» Aim of the exercise
The required output is the exact run of lines below that opens at the line with "a = (\<lambda>k \<sigma>." and closes at the line with "OI-transformation: it decomposes".

Records for processing Start Marker

(* Let $M$ be an $N$-person normal form game matrix of dimensions $m_1\times\cdots\times m_N$ with payoffs $a^k_{i_1\dots i_N}$, and fix a profile $(p_1,\dots,p_N)$ with $1\le p_k\le m_k$. Let $S$ be the set of profiles that differ from $(p_1,\dots,p_N)$ in at most one coordinate. Suppose we are given real numbers $x^k_{\sigma}$ for each player $k\in\{1,\dots,N\}$ and each profile $\sigma\in S$, such that $\sum_{k=1}^N x^k_\sigma=\sum_{k=1}^N a^k_\sigma$ for every $\sigma\in S$. Then there is a unique $N$-person normal form game matrix $\widehat M$ of dimensions $m_1\times\cdots\times m_N$ with payoffs $\hat a^k$ such that $\widehat M$ can be obtained from $M$ by an OI-transformation and $\hat a^k_\sigma=x^k_\sigma$ for all $k$ and all $\sigma\in S$.
   Context: An $N$-person normal form game matrix of dimensions $m_1\times\cdots\times m_N$ assigns to each strategy profile $(i_1,\dots,i_N)$ with $1\le i_k\le m_k$ a payoff vector $(a^1_{i_1\dots i_N},\dots,a^N_{i_1\dots i_N})\in\mathbb{R}^N$, where $a^k$ is the payoff of player $k$ and $i_k$ indexes the strategy of player $k$. A preplay offer by player $p$ to player $q\neq p$ of amount $\delta\ge 0$ contingent on strategy $s$ of $q$ transforms a matrix by replacing, at every profile with $i_q=s$, the payoff $a^p$ by $a^p-\delta$ and $a^q$ by $a^q+\delta$, leaving all other payoffs unchanged; this map is a POI-transformation. An OI-transformation is any composition of finitely many POI-transformations. $\widehat M$ "can be obtained from $M$ by an OI-transformation" means $\widehat M=\tau(M)$ for some OI-transformation $\tau$. *)

theory Defs
  imports Complex_Main "HOL-Library.FuncSet"
begin

text \<open>A game matrix is a payoff function
a k sigma (payoff of player k at profile sigma), extensional in both arguments.\<close>

definition profiles :: "nat \<Rightarrow> (nat \<Rightarrow> nat) \<Rightarrow> (nat \<Rightarrow> nat) set" where
  "profiles N m = PiE {1..N} (\<lambda>k. {1..m k})"

definition game_matrix :: "nat \<Rightarrow> (nat \<Rightarrow> nat) \<Rightarrow> (nat \<Rightarrow> (nat \<Rightarrow> nat) \<Rightarrow> real) \<Rightarrow> bool" where
  "game_matrix N m a \<longleftrightarrow> a \<in> {1..N} \<rightarrow>\<^sub>E (profiles N m \<rightarrow>\<^sub>E (UNIV :: real set))"

text \<open>Preplay offer by player p to player q of amount d contingent on strategy s of q.\<close>
definition poi :: "nat \<Rightarrow> (nat \<Rightarrow> nat) \<Rightarrow> nat \<Rightarrow> nat \<Rightarrow> nat \<Rightarrow> real
    \<Rightarrow> (nat \<Rightarrow> (nat \<Rightarrow> nat) \<Rightarrow> real) \<Rightarrow> (nat \<Rightarrow> (nat \<Rightarrow> nat) \<Rightarrow> real)" where
  "poi N m p q s d a = (\<lambda>k \<sigma>.
     if k \<in> {1..N} \<and> \<sigma> \<in> profiles N m \<and> \<sigma> q = s then
       (if k = p then a k \<sigma> - d else if k = q then a k \<sigma> + d else a k \<sigma>)
     else a k \<sigma>)"

definition valid_poi :: "nat \<Rightarrow> (nat \<Rightarrow> nat) \<Rightarrow> nat \<Rightarrow> nat \<Rightarrow> nat \<Rightarrow> real \<Rightarrow> bool" where
  "valid_poi N m p q s d \<longleftrightarrow> p \<in> {1..N} \<and> q \<in> {1..N} \<and> p \<noteq> q \<and> s \<in> {1..m q} \<and> d \<ge> 0"

inductive oi_reach :: "nat \<Rightarrow> (nat \<Rightarrow> nat) \<Rightarrow> (nat \<Rightarrow> (nat \<Rightarrow> nat) \<Rightarrow> real)
    \<Rightarrow> (nat \<Rightarrow> (nat \<Rightarrow> nat) \<Rightarrow> real) \<Rightarrow> bool" for N m where
  oi_refl: "oi_reach N m a a"
| oi_step: "oi_reach N m a b \<Longrightarrow> valid_poi N m p q s d \<Longrightarrow> oi_reach N m a (poi N m p q s d b)"

definition near_profiles :: "nat \<Rightarrow> (nat \<Rightarrow> nat) \<Rightarrow> (nat \<Rightarrow> nat) \<Rightarrow> (nat \<Rightarrow> nat) set" where
  "near_profiles N m p = {\<sigma> \<in> profiles N m. card {i \<in> {1..N}. \<sigma> i \<noteq> p i} \<le> 1}"

end

theory Submission imports Defs begin

text \<open>
  Call a perturbation of a game matrix separable if the change of
  player k's payoff at profile \<sigma> has the form \<Sum>q. F k q (\<sigma> q), a sum of terms
  each depending on a single coordinate of \<sigma>.  Every preplay offer is such a
  perturbation (it depends only on the strategy of the receiver), so every
  OI-transformation is one.  Conversely, every separable perturbation which is
  balanced (for each q and t, \<Sum>k. F k q t = 0) is realised by an
  OI-transformation: it decomposes into transfers "player q pays player k the
  amount g (\<sigma> q)", and each transfer is two families of nonnegative offers.
  A separable function vanishing on the profiles near p vanishes everywhere,
  which gives uniqueness; for existence, the target differences x - a are
  extended from the profiles near p to a balanced separable function.
\<close>

type_synonym payoffs = "nat \<Rightarrow> (nat \<Rightarrow> nat) \<Rightarrow> real"

section \<open>Perturbations of game matrices\<close>

text \<open>Add D to the payoffs on the grid of players and profiles; entries outside
  the grid are left untouched, so game matrices stay game matrices.\<close>
definition perturb :: "nat \<Rightarrow> (nat \<Rightarrow> nat) \<Rightarrow> payoffs \<Rightarrow> payoffs \<Rightarrow> payoffs" where
  "perturb N m a D = (\<lambda>k \<sigma>. if k \<in> {1..N} \<and> \<sigma> \<in> profiles N m then a k \<sigma> + D k \<sigma> else a k \<sigma>)"

lemma perturb_perturb:
  "perturb N m (perturb N m a D) E = perturb N m a (\<lambda>k \<sigma>. D k \<sigma> + E k \<sigma>)"
  by (auto simp: perturb_def fun_eq_iff)

lemma perturb_cong:
  assumes "\<And>k \<sigma>. k \<in> {1..N} \<Longrightarrow> \<sigma> \<in> profiles N m \<Longrightarrow> D k \<sigma> = E k \<sigma>"
  shows "perturb N m a D = perturb N m a E"
  using assms by (auto simp: perturb_def fun_eq_iff)

lemma perturb_zero: "perturb N m a (\<lambda>k \<sigma>. 0) = a"
  by (simp add: perturb_def fun_eq_iff)

lemma game_matrix_perturb:
  assumes "game_matrix N m a"
  shows "game_matrix N m (perturb N m a D)"
  using assms unfolding game_matrix_def perturb_def by (auto simp: PiE_iff extensional_def)

section \<open>Offers and transfers are reachable\<close>

definition offer :: "nat \<Rightarrow> nat \<Rightarrow> nat \<Rightarrow> real \<Rightarrow> payoffs" where
  "offer p q s d = (\<lambda>k \<sigma>. if \<sigma> q = s then (if k = p then - d else if k = q then d else 0) else 0)"

lemma poi_perturb: "poi N m p q s d a = perturb N m a (offer p q s d)"
  by (auto simp: poi_def perturb_def offer_def fun_eq_iff)

lemma sum_offer:
  assumes "finite T" "\<sigma> q \<in> T"
  shows "(\<Sum>t\<in>T. offer p q t (c t) k \<sigma>) = offer p q (\<sigma> q) (c (\<sigma> q)) k \<sigma>"
proof -
  have "(\<Sum>t\<in>T. offer p q t (c t) k \<sigma>) = (\<Sum>t\<in>T. if t = \<sigma> q then offer p q t (c t) k \<sigma> else 0)"
    by (intro sum.cong) (auto simp: offer_def)
  then show ?thesis using assms by simp
qed

lemma offers_reachable:
  assumes "oi_reach N m a b" "T \<subseteq> {1..m q}" "\<And>t. t \<in> T \<Longrightarrow> c t \<ge> 0"
    and "p \<in> {1..N}" "q \<in> {1..N}" "p \<noteq> q"
  shows "oi_reach N m a (perturb N m b (\<lambda>k \<sigma>. \<Sum>t\<in>T. offer p q t (c t) k \<sigma>))"
proof -
  have "finite T" using assms(2) finite_subset by blast
  then show ?thesis using assms(2,3)
  proof (induction T rule: finite_induct)
    case empty
    then show ?case using assms(1) by (simp add: perturb_zero)
  next
    case (insert t T)
    then have "oi_reach N m a (perturb N m b (\<lambda>k \<sigma>. \<Sum>t\<in>T. offer p q t (c t) k \<sigma>))"
      by auto
    moreover have "valid_poi N m p q t (c t)"
      using insert assms(4-6) unfolding valid_poi_def by auto
    ultimately have "oi_reach N m a
        (poi N m p q t (c t) (perturb N m b (\<lambda>k \<sigma>. \<Sum>t\<in>T. offer p q t (c t) k \<sigma>)))"
      by (rule oi_step)
    then show ?case using insert by (simp add: poi_perturb perturb_perturb add.commute)
  qed
qed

Records for processing End Marker

» Task result
  "poi N m p q s d a = (\<lambda>k \<sigma>.
     if k \<in> {1..N} \<and> \<sigma> \<in> profiles N m \<and> \<sigma> q = s then
       (if k = p then a k \<sigma> - d else if k = q then a k \<sigma> + d else a k \<sigma>)
     else a k \<sigma>)"

definition valid_poi :: "nat \<Rightarrow> (nat \<Rightarrow> nat) \<Rightarrow> nat \<Rightarrow> nat \<Rightarrow> nat \<Rightarrow> real \<Rightarrow> bool" where
  "valid_poi N m p q s d \<longleftrightarrow> p \<in> {1..N} \<and> q \<in> {1..N} \<and> p \<noteq> q \<and> s \<in> {1..m q} \<and> d \<ge> 0"

inductive oi_reach :: "nat \<Rightarrow> (nat \<Rightarrow> nat) \<Rightarrow> (nat \<Rightarrow> (nat \<Rightarrow> nat) \<Rightarrow> real)
    \<Rightarrow> (nat \<Rightarrow> (nat \<Rightarrow> nat) \<Rightarrow> real) \<Rightarrow> bool" for N m where
  oi_refl: "oi_reach N m a a"
| oi_step: "oi_reach N m a b \<Longrightarrow> valid_poi N m p q s d \<Longrightarrow> oi_reach N m a (poi N m p q s d b)"

definition near_profiles :: "nat \<Rightarrow> (nat \<Rightarrow> nat) \<Rightarrow> (nat \<Rightarrow> nat) \<Rightarrow> (nat \<Rightarrow> nat) set" where
  "near_profiles N m p = {\<sigma> \<in> profiles N m. card {i \<in> {1..N}. \<sigma> i \<noteq> p i} \<le> 1}"

end

theory Submission imports Defs begin

text \<open>
  Call a perturbation of a game matrix separable if the change of
  player k's payoff at profile \<sigma> has the form \<Sum>q. F k q (\<sigma> q), a sum of terms
  each depending on a single coordinate of \<sigma>.  Every preplay offer is such a
  perturbation (it depends only on the strategy of the receiver), so every
  OI-transformation is one.  Conversely, every separable perturbation which is
  balanced (for each q and t, \<Sum>k. F k q t = 0) is realised by an
  OI-transformation: it decomposes into transfers "player q pays player k the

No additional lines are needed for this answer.